(Collected data entries)
# # # #
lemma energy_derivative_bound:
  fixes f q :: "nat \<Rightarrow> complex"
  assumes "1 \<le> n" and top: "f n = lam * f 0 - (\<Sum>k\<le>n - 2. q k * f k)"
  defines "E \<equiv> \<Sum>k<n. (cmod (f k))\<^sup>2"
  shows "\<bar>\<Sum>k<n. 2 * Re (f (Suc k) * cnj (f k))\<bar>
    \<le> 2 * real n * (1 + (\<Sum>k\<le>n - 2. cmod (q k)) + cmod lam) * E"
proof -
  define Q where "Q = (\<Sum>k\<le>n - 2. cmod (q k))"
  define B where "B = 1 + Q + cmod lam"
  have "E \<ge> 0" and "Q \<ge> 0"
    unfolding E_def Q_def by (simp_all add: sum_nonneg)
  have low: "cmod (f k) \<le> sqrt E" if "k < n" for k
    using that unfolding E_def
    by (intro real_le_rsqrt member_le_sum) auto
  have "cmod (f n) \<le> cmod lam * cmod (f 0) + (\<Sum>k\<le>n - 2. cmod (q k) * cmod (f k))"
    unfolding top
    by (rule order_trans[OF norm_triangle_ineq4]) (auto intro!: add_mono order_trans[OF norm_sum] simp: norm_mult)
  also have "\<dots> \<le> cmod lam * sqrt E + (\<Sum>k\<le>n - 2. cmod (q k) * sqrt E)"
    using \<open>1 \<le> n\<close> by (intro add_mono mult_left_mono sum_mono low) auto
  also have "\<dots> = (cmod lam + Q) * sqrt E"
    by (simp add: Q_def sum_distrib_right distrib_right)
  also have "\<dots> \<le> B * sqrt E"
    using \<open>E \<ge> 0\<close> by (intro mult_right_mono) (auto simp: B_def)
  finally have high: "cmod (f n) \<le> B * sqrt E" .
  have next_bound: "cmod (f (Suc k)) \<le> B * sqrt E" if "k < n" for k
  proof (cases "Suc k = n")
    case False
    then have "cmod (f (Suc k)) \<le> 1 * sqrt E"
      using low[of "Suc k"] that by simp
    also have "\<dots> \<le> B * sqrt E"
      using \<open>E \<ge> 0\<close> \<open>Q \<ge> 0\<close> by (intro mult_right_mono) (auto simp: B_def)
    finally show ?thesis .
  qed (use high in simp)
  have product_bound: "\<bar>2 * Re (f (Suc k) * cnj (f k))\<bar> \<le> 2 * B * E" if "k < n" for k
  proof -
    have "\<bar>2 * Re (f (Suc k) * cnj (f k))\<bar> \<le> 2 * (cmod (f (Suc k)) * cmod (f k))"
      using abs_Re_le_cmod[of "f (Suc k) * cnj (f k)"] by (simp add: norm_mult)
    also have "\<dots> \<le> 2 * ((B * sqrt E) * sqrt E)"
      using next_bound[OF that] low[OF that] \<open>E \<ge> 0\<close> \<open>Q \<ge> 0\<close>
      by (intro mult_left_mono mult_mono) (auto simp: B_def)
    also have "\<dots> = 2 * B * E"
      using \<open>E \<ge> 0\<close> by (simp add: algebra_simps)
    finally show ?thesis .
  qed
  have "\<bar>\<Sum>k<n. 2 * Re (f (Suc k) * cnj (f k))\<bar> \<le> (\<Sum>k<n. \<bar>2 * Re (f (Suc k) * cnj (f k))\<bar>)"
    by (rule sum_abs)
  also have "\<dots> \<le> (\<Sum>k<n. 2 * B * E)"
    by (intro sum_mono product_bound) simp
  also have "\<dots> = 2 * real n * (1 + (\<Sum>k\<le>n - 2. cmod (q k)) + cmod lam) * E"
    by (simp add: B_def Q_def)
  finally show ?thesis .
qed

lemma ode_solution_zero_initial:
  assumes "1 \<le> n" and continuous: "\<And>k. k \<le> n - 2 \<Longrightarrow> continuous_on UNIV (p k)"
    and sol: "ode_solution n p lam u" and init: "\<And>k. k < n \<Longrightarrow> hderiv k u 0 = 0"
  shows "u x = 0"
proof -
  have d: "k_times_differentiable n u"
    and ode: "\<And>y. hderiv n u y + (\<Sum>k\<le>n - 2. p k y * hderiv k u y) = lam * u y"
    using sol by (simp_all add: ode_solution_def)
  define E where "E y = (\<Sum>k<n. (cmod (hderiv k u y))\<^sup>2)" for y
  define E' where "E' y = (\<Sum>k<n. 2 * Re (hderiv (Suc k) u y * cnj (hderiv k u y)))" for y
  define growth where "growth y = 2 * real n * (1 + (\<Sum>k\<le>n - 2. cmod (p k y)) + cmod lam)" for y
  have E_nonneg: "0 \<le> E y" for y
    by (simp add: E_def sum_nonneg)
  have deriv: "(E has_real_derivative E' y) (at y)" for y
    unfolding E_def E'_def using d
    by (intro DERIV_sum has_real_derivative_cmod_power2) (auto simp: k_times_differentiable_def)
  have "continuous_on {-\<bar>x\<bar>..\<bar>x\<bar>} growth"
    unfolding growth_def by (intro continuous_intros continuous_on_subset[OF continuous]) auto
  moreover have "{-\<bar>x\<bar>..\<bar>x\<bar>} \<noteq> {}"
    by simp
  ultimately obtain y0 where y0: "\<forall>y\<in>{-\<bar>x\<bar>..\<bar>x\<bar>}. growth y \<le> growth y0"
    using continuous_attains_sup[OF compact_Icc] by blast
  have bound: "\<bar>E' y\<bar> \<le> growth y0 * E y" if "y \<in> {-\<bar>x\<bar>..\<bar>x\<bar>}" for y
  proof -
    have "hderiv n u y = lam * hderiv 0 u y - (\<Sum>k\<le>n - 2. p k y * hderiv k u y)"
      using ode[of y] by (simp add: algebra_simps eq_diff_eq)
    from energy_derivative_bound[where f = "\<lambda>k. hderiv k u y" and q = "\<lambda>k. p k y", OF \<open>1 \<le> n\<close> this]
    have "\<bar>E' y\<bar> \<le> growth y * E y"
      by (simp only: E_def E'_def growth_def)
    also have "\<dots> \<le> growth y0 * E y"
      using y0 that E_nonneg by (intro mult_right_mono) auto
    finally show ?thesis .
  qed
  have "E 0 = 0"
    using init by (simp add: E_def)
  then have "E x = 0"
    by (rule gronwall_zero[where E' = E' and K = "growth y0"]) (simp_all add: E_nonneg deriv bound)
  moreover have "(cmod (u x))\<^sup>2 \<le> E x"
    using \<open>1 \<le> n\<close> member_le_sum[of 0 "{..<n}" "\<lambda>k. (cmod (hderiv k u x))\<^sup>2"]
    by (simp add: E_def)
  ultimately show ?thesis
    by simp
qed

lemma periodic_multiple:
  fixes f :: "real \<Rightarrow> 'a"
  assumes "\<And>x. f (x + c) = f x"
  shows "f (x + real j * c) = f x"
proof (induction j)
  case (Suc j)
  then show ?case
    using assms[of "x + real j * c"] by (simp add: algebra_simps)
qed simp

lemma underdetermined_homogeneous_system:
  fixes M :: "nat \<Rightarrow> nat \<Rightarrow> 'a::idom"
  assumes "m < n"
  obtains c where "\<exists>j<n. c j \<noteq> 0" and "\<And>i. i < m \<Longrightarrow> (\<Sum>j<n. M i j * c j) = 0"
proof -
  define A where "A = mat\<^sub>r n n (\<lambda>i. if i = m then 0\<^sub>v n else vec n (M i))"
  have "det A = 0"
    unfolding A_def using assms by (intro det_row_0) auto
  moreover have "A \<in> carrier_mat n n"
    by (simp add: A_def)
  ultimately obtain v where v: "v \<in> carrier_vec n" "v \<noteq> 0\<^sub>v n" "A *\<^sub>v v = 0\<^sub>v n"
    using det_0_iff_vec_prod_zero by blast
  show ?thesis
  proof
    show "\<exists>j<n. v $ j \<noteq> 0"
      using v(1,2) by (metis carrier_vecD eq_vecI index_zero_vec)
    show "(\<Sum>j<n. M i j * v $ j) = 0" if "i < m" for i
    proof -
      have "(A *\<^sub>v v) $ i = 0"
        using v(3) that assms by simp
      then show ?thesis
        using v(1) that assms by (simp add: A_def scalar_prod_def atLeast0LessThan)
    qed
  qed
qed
# # # #
▶ Task item
From the line containing "proof (induction j)" down to the last line of the records above, print every line exactly, with both ends kept.

▶ Finished task
proof (induction j)
  case (Suc j)
  then show ?case
    using assms[of "x + real j * c"] by (simp add: algebra_simps)
qed simp

lemma underdetermined_homogeneous_system:
  fixes M :: "nat \<Rightarrow> nat \<Rightarrow> 'a::idom"
  assumes "m < n"
  obtains c where "\<exists>j<n. c j \<noteq> 0" and "\<And>i. i < m \<Longrightarrow> (\<Sum>j<n. M i j * c j) = 0"
proof -
  define A where "A = mat\<^sub>r n n (\<lambda>i. if i = m then 0\<^sub>v n else vec n (M i))"
  have "det A = 0"
    unfolding A_def using assms by (intro det_row_0) auto
  moreover have "A \<in> carrier_mat n n"
    by (simp add: A_def)
  ultimately obtain v where v: "v \<in> carrier_vec n" "v \<noteq> 0\<^sub>v n" "A *\<^sub>v v = 0\<^sub>v n"
    using det_0_iff_vec_prod_zero by blast
  show ?thesis
  proof
    show "\<exists>j<n. v $ j \<noteq> 0"
      using v(1,2) by (metis carrier_vecD eq_vecI index_zero_vec)
    show "(\<Sum>j<n. M i j * v $ j) = 0" if "i < m" for i
    proof -
      have "(A *\<^sub>v v) $ i = 0"
        using v(3) that assms by simp
      then show ?thesis
        using v(1) that assms by (simp add: A_def scalar_prod_def atLeast0LessThan)
    qed
  qed
qed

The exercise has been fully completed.